05 July 2016

Bioengineered muscles have strengthened

Muscles "in vitro"

Sergey Syrov, XXII CENTURY, based on USC Stem Cell: USC researchers use gelatin instead of the gym to grow stronger muscles

Megan L. McCain and her colleagues at the University of Southern California have developed a way to grow large and strong muscle fibers. But not in order to simplify the life of bodybuilders. This is the development of a project on the cultivation "in vitro" of organs and tissues necessary for medical research.

The first authors of the work are Archana Bettadapur and Gio C. Suh, a report on the development of "muscles on a chip" was published in the journal Scientific Reports (Prolonged Culture of Aligned Skeletal Myotubes on Micromolded Gelatin Hydrogels).

During normal embryonic development, skeletal musculature is formed when myoblast cells fuse into muscle fibers, the so-called muscle tubules.

In past experiments, mouse muscle tubes fell off or peeled off from a plastic base with a protein coating after about a week and did not develop.

Now scientists have created a substrate of gelatin, a material derived from the protein of muscle tissue – collagen, and have achieved significant improvement in results. After three weeks, the mouse's muscle fibers were still attached to the gelatin "chip", and they were longer, wider and more developed than those that had been able to grow earlier.

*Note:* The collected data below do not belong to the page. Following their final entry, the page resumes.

(* Let $q>0$, $k>0$, $D>0$, and let $\bar U=(\bar u,\bar z,\bar y):\mathbb{R}\to\mathbb{R}^3$ be a $C^1$ solution of the traveling-wave system \[ u'=\Big(\tfrac12 u^2-\tfrac12 u_-^2\Big)-(u-u_-)-q(z+Dy),\qquad z'=y,\qquad y'=D^{-1}\big(-y+k\varphi(u)z\big), \] (where $'=\mathrm{d}/\mathrm{d}\xi$) satisfying $\bar z(\xi)\ge 0$ for all $\xi$ and \[ \lim_{\xi\to-\infty}\bar U(\xi)=(u_-,0,0),\qquad \lim_{\xi\to+\infty}\bar U(\xi)=(u_+,1,0), \] where $u_\pm$ satisfy the Rankine–Hugoniot relation $\tfrac12(u_+^2-u_-^2)=u_+-u_-+q$, $u_+<u_{\mathrm{ig}}<u_-$, and the weak-detonation condition $u_+,u_-<1$. Then $\bar u(\xi)\le u_-$ for all $\xi\in\mathbb{R}$, and $\bar u$ is a decreasing (non-increasing) function of $\xi$ on $\mathbb{R}$.
   Context: This is the rescaled Majda model $u_t-u_x+(u^2/2)_x=u_{xx}+qk\varphi(u)z$, $z_t-z_x=Dz_{xx}-k\varphi(u)z$ (wave speed normalized to $s=1$, viscosity to $1$, flux $f(u)=u^2/2$), whose traveling waves $(\bar u,\bar z)(x-t)$ with $\bar y=\bar z'$ satisfy the displayed ODE system. The ignition function is $\varphi(u)=0$ for $u\le u_{\mathrm{ig}}$ and $\varphi(u)=e^{-E_A/(u-u_{\mathrm{ig}})}$ for $u>u_{\mathrm{ig}}$, with activation energy $E_A>0$ and fixed ignition threshold $u_{\mathrm{ig}}$. A weak detonation is such a connection with $f'(u_\pm)=u_\pm<s=1$. *)

theory Defs
  imports "HOL-Analysis.Analysis"
begin

definition ign :: "real \<Rightarrow> real \<Rightarrow> real \<Rightarrow> real" where
  "ign EA uig u = (if u \<le> uig then 0 else exp (- EA / (u - uig)))"

end

theory Submission
  imports Defs
begin

text \<open>With \<open>w = z + D y\<close> the system gives \<open>w' = k \<phi>(u) z \<ge> 0\<close> and \<open>w \<rightarrow> 0\<close> at \<open>-\<infinity>\<close>,
  so \<open>w \<ge> 0\<close>. The \<open>u\<close>-equation reads \<open>u' = (u - u\<^sub>-)((u + u\<^sub>-)/2 - 1) - q w\<close>, which is
  negative on every level set \<open>u = c\<close> with \<open>u\<^sub>- < c < 2 - u\<^sub>-\<close> (nonempty as \<open>u\<^sub>- < 1\<close>);
  since \<open>u \<rightarrow> u\<^sub>-\<close> at \<open>-\<infinity>\<close>, \<open>u\<close> can never reach such a level, whence \<open>u \<le> u\<^sub>-\<close>.
  Differentiating once more, \<open>u'' = (u - 1) u' - q w'\<close> with \<open>u < 1\<close> and \<open>w' \<ge> 0\<close>, so \<open>u'\<close>
  is decreasing wherever it is positive and the same level argument, started from \<open>u' \<rightarrow> 0\<close>,
  gives \<open>u' \<le> 0\<close>.\<close>

lemma first_hitting_point:
  fixes f :: "real \<Rightarrow> real"
  assumes cont: "continuous_on {a..b} f" and "a \<le> b" and "f a < c" and "c \<le> f b"
  obtains p where "a < p" "p \<le> b" "f p = c" "\<And>s. a \<le> s \<Longrightarrow> s < p \<Longrightarrow> f s < c"
proof -
  define A where "A = {a..b} \<inter> f -` {c..}"
  define p where "p = Inf A"
  have "p \<in> A"
    unfolding p_def
  proof (rule closed_contains_Inf)
    show "A \<noteq> {}" using \<open>a \<le> b\<close> \<open>c \<le> f b\<close> unfolding A_def by auto
    show "bdd_below A" unfolding A_def by auto
    show "closed A" unfolding A_def by (intro continuous_closed_preimage cont) auto
  qed
  hence p: "a \<le> p" "p \<le> b" "c \<le> f p" unfolding A_def by auto
  have below: "f s < c" if "a \<le> s" "s < p" for s
  proof (rule ccontr)
    assume "\<not> f s < c"
    hence "s \<in> A" using that \<open>p \<le> b\<close> unfolding A_def by auto
    hence "p \<le> s" unfolding p_def by (rule cInf_lower) (auto simp: A_def)
    with \<open>s < p\<close> show False by simp
  qed
  have "f p = c"
  proof (rule ccontr)
    assume "f p \<noteq> c"
    have "continuous_on {a..p} f"
      by (rule continuous_on_subset[OF cont]) (use \<open>p \<le> b\<close> in auto)
    then obtain s where "a \<le> s" "s \<le> p" "f s = c"
      using IVT'[of f a c p] \<open>f a < c\<close> \<open>c \<le> f p\<close> \<open>a \<le> p\<close> by auto
    moreover have "s \<noteq> p" using \<open>f s = c\<close> \<open>f p \<noteq> c\<close> by auto
    ultimately show False using below by force
  qed
  moreover have "a \<noteq> p" using \<open>f a < c\<close> \<open>f p = c\<close> by auto
  ultimately show thesis
    using that[of p] p below by simp
qed

lemma less_level_if_crossings_downward:
  fixes f f' :: "real \<Rightarrow> real"
  assumes der: "\<And>x. (f has_real_derivative f' x) (at x)"
    and lim: "(f \<longlongrightarrow> L) at_bot" and "L < c"
    and crossing: "\<And>p. f p = c \<Longrightarrow> f' p < 0"
  shows "f x < c"
proof (rule ccontr)
  assume "\<not> f x < c"
  obtain N where N: "\<And>s. s \<le> N \<Longrightarrow> f s < c"
    using order_tendstoD(2)[OF lim \<open>L < c\<close>] by (auto simp: eventually_at_bot_linorder)
  define a where "a = min N (x - 1)"
  have "a < x" "f a < c" using N by (auto simp: a_def)
  have "continuous_on {a..x} f"
    using der by (meson DERIV_isCont continuous_at_imp_continuous_on)
  then obtain p where "a < p" "f p = c" and below: "\<And>s. a \<le> s \<Longrightarrow> s < p \<Longrightarrow> f s < c"
    by (rule first_hitting_point) (use \<open>a < x\<close> \<open>f a < c\<close> \<open>\<not> f x < c\<close> in auto)
  \<comment> \<open>\<open>f' p < 0\<close> puts \<open>f\<close> above \<open>c\<close> just left of the first hitting point \<open>p\<close>.\<close>
  obtain d where "d > 0" and left: "\<And>h. h > 0 \<Longrightarrow> h < d \<Longrightarrow> f p < f (p - h)"
    using DERIV_neg_dec_left[OF der crossing[OF \<open>f p = c\<close>]] by blast
  define h where "h = min (d / 2) (p - a)"
  have "h > 0" "h < d" using \<open>d > 0\<close> \<open>a < p\<close> by (auto simp: h_def)
  hence "c < f (p - h)" using left \<open>f p = c\<close> by simp
  moreover have "f (p - h) < c" using below \<open>h > 0\<close> by (simp add: h_def)
  ultimately show False by simp
qed

lemma mono_tendsto_at_bot_le:
  fixes f :: "'a::{linorder, no_bot} \<Rightarrow> 'b::linorder_topology"
  assumes "mono f" and "(f \<longlongrightarrow> L) at_bot"
  shows "L \<le> f x"
  by (rule tendsto_upperbound[OF assms(2)])
    (auto simp: eventually_at_bot_linorder intro: monoD[OF assms(1)])

lemma DERIV_nonneg_tendsto_at_bot_le:
  fixes f f' :: "real \<Rightarrow> real"
  assumes der: "\<And>x. (f has_real_derivative f' x) (at x)" and f'_nonneg: "\<And>x. f' x \<ge> 0"
    and lim: "(f \<longlongrightarrow> L) at_bot"
  shows "L \<le> f x"
proof (rule mono_tendsto_at_bot_le[OF _ lim])
  show "mono f"
  proof (rule monoI)
    fix a b :: real assume "a \<le> b"
    thus "f a \<le> f b"
      by (rule DERIV_nonneg_imp_nondecreasing) (use der f'_nonneg in blast)
  qed
qed

lemma ign_nonneg: "ign EA uig u \<ge> 0"
  by (simp add: ign_def)

lemma traveling_wave_le_left_state:
  fixes u w :: "real \<Rightarrow> real" and q um :: real
  assumes du: "\<And>\<xi>. (u has_real_derivative
              ((u \<xi>)\<^sup>2 / 2 - um\<^sup>2 / 2 - (u \<xi> - um) - q * w \<xi>)) (at \<xi>)"
    and "q \<ge> 0" and w_nonneg: "\<And>\<xi>. w \<xi> \<ge> 0" and "um < 1"
    and lim: "(u \<longlongrightarrow> um) at_bot"
  shows "u \<xi> \<le> um"
proof (rule ccontr)
  assume "\<not> u \<xi> \<le> um"
  define c where "c = (um + min (u \<xi>) (2 - um)) / 2"
  have c: "um < c" "c < u \<xi>" "c < 2 - um"
    using \<open>\<not> u \<xi> \<le> um\<close> \<open>um < 1\<close> by (auto simp: c_def)
  have "u \<xi> < c"
  proof (rule less_level_if_crossings_downward[OF du lim \<open>um < c\<close>])
    fix p assume "u p = c"
    have "(c - um) * ((c + um) / 2 - 1) < 0"
      using c by (intro mult_pos_neg) auto
    moreover have "q * w p \<ge> 0" using \<open>q \<ge> 0\<close> w_nonneg by simp
    ultimately show "(u p)\<^sup>2 / 2 - um\<^sup>2 / 2 - (u p - um) - q * w p < 0"
      using \<open>u p = c\<close> by (simp add: power2_eq_square field_simps)
  qed
  with c show False by simp
qed

lemma traveling_wave_antimono:
  fixes u w w' :: "real \<Rightarrow> real" and q um :: real
  assumes du: "\<And>\<xi>. (u has_real_derivative
              ((u \<xi>)\<^sup>2 / 2 - um\<^sup>2 / 2 - (u \<xi> - um) - q * w \<xi>)) (at \<xi>)"
    and dw: "\<And>\<xi>. (w has_real_derivative w' \<xi>) (at \<xi>)" and w'_nonneg: "\<And>\<xi>. w' \<xi> \<ge> 0"
    and "q \<ge> 0" and u_less: "\<And>\<xi>. u \<xi> < 1"
    and lim_u: "(u \<longlongrightarrow> um) at_bot" and lim_w: "(w \<longlongrightarrow> 0) at_bot"
  shows "antimono u"
proof -
  define u' where "u' = (\<lambda>\<xi>. (u \<xi>)\<^sup>2 / 2 - um\<^sup>2 / 2 - (u \<xi> - um) - q * w \<xi>)"
  have du': "(u' has_real_derivative (u \<xi> - 1) * u' \<xi> - q * w' \<xi>) (at \<xi>)" for \<xi>
  proof -
    have d_square: "((\<lambda>\<xi>. (u \<xi>)\<^sup>2 / 2) has_real_derivative u \<xi> * u' \<xi>) (at \<xi>)"
      using DERIV_cdivide[OF DERIV_power[OF du[of \<xi>], of 2], of 2] by (simp add: u'_def mult.commute)
    have d_linear: "((\<lambda>\<xi>. u \<xi> - um) has_real_derivative u' \<xi>) (at \<xi>)"
      using DERIV_diff[OF du[of \<xi>] DERIV_const[of um]] by (simp add: u'_def)
    have "((\<lambda>\<xi>. (u \<xi>)\<^sup>2 / 2 - um\<^sup>2 / 2 - (u \<xi> - um) - q * w \<xi>) has_real_derivative
        u \<xi> * u' \<xi> - 0 - u' \<xi> - q * w' \<xi>) (at \<xi>)"
      using DERIV_diff[OF DERIV_diff[OF DERIV_diff[OF d_square DERIV_const] d_linear] DERIV_cmult[OF dw]] .
    hence "(u' has_real_derivative u \<xi> * u' \<xi> - 0 - u' \<xi> - q * w' \<xi>) (at \<xi>)"
      by (simp only: u'_def[symmetric])
    thus ?thesis by (simp add: algebra_simps)
  qed
  have "(u' \<longlongrightarrow> um\<^sup>2 / 2 - um\<^sup>2 / 2 - (um - um) - q * 0) at_bot"
    unfolding u'_def by (intro tendsto_intros lim_u lim_w) simp
  hence lim_u': "(u' \<longlongrightarrow> 0) at_bot" by simp
  have slope_nonpos: "u' \<xi> \<le> 0" for \<xi>
  proof (rule ccontr)
    assume "\<not> u' \<xi> \<le> 0"
    have "u' \<xi> < u' \<xi>"
    proof (rule less_level_if_crossings_downward[OF du' lim_u'])
      show "0 < u' \<xi>" using \<open>\<not> u' \<xi> \<le> 0\<close> by simp
      fix p assume "u' p = u' \<xi>"
      have "(u p - 1) * u' p < 0"
        using u_less[of p] \<open>u' p = u' \<xi>\<close> \<open>0 < u' \<xi>\<close> by (intro mult_neg_pos) auto
      moreover have "q * w' p \<ge> 0" using \<open>q \<ge> 0\<close> w'_nonneg by simp
      ultimately show "(u p - 1) * u' p - q * w' p < 0" by linarith
    qed
    thus False by simp
  qed
  show ?thesis
  proof (rule antimonoI)
    fix a b :: real assume "a \<le> b"
    thus "u b \<le> u a"
    proof (rule DERIV_nonpos_imp_nonincreasing)
      fix x show "\<exists>y. (u has_real_derivative y) (at x) \<and> y \<le> 0"
        using du[of x] slope_nonpos[of x] unfolding u'_def by blast
    qed
  qed
qed

theorem proposition2p3:
  fixes q k D EA uig um up :: real
    and u z y :: "real \<Rightarrow> real"
  assumes q_pos: "q > 0" and k_pos: "k > 0" and D_pos: "D > 0" and EA_pos: "EA > 0"
    and du: "\<And>\<xi>. (u has_real_derivative
              ((u \<xi>)\<^sup>2 / 2 - um\<^sup>2 / 2 - (u \<xi> - um) - q * (z \<xi> + D * y \<xi>))) (at \<xi>)"
    and dz: "\<And>\<xi>. (z has_real_derivative y \<xi>) (at \<xi>)"
    and dy: "\<And>\<xi>. (y has_real_derivative ((- y \<xi> + k * ign EA uig (u \<xi>) * z \<xi>) / D)) (at \<xi>)"
    and z_nonneg: "\<And>\<xi>. z \<xi> \<ge> 0"
    and lim_u_m: "(u \<longlongrightarrow> um) at_bot" and lim_z_m: "(z \<longlongrightarrow> 0) at_bot"
    and lim_y_m: "(y \<longlongrightarrow> 0) at_bot"
    and lim_u_p: "(u \<longlongrightarrow> up) at_top" and lim_z_p: "(z \<longlongrightarrow> 1) at_top"
    and lim_y_p: "(y \<longlongrightarrow> 0) at_top"
    and RH: "(up\<^sup>2 - um\<^sup>2) / 2 = up - um + q"
    and ord: "up < uig" "uig < um"
    and weak: "up < 1" "um < 1"
  shows "(\<forall>\<xi>. u \<xi> \<le> um) \<and> antimono u"
proof -
  define w where "w = (\<lambda>\<xi>. z \<xi> + D * y \<xi>)"
  define w' where "w' = (\<lambda>\<xi>. k * ign EA uig (u \<xi>) * z \<xi>)"
  have dw: "(w has_real_derivative w' \<xi>) (at \<xi>)" for \<xi>
  proof -
    have "(w has_real_derivative y \<xi> + D * ((- y \<xi> + k * ign EA uig (u \<xi>) * z \<xi>) / D)) (at \<xi>)"
      unfolding w_def by (intro DERIV_add DERIV_cmult dz dy)
    thus ?thesis using D_pos by (simp add: w'_def field_simps)
  qed
  have w'_nonneg: "w' \<xi> \<ge> 0" for \<xi>
    using k_pos z_nonneg ign_nonneg by (simp add: w'_def)
  have lim_w: "(w \<longlongrightarrow> 0) at_bot"
    unfolding w_def using tendsto_add[OF lim_z_m tendsto_mult_right_zero[OF lim_y_m]] by simp
  hence w_nonneg: "w \<xi> \<ge> 0" for \<xi>
    by (rule DERIV_nonneg_tendsto_at_bot_le[OF dw w'_nonneg])
  have du_w: "(u has_real_derivative ((u \<xi>)\<^sup>2 / 2 - um\<^sup>2 / 2 - (u \<xi> - um) - q * w \<xi>)) (at \<xi>)" for \<xi>
    using du by (simp add: w_def)
  have u_le: "u \<xi> \<le> um" for \<xi>
    using traveling_wave_le_left_state[OF du_w _ w_nonneg] q_pos weak lim_u_m by simp
  have u_less: "u \<xi> < 1" for \<xi>
    using u_le[of \<xi>] weak(2) by linarith
  have "antimono u"
    using traveling_wave_antimono[OF du_w dw w'_nonneg _ u_less lim_u_m lim_w] q_pos by simp
  with u_le show ?thesis by blast
qed

end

Researchers suggest that human muscle fibers will feel just as good on a gelatin substrate. These new "muscles on a chip" can be used to study the normal process of human muscle development, its disorders and diseases of the muscular system, as well as provide a testing ground for new drugs.

 "Diseases and disorders of skeletal muscles – ranging from severe muscular dystrophy to a gradual decrease in muscle mass with aging – dramatically reduce the quality of life of millions of people," says McCain. "Creating an inexpensive and accessible platform for studying skeletal muscle in the laboratory, we hope, will allow us to study these processes in detail, which will open up new methods of helping these patients."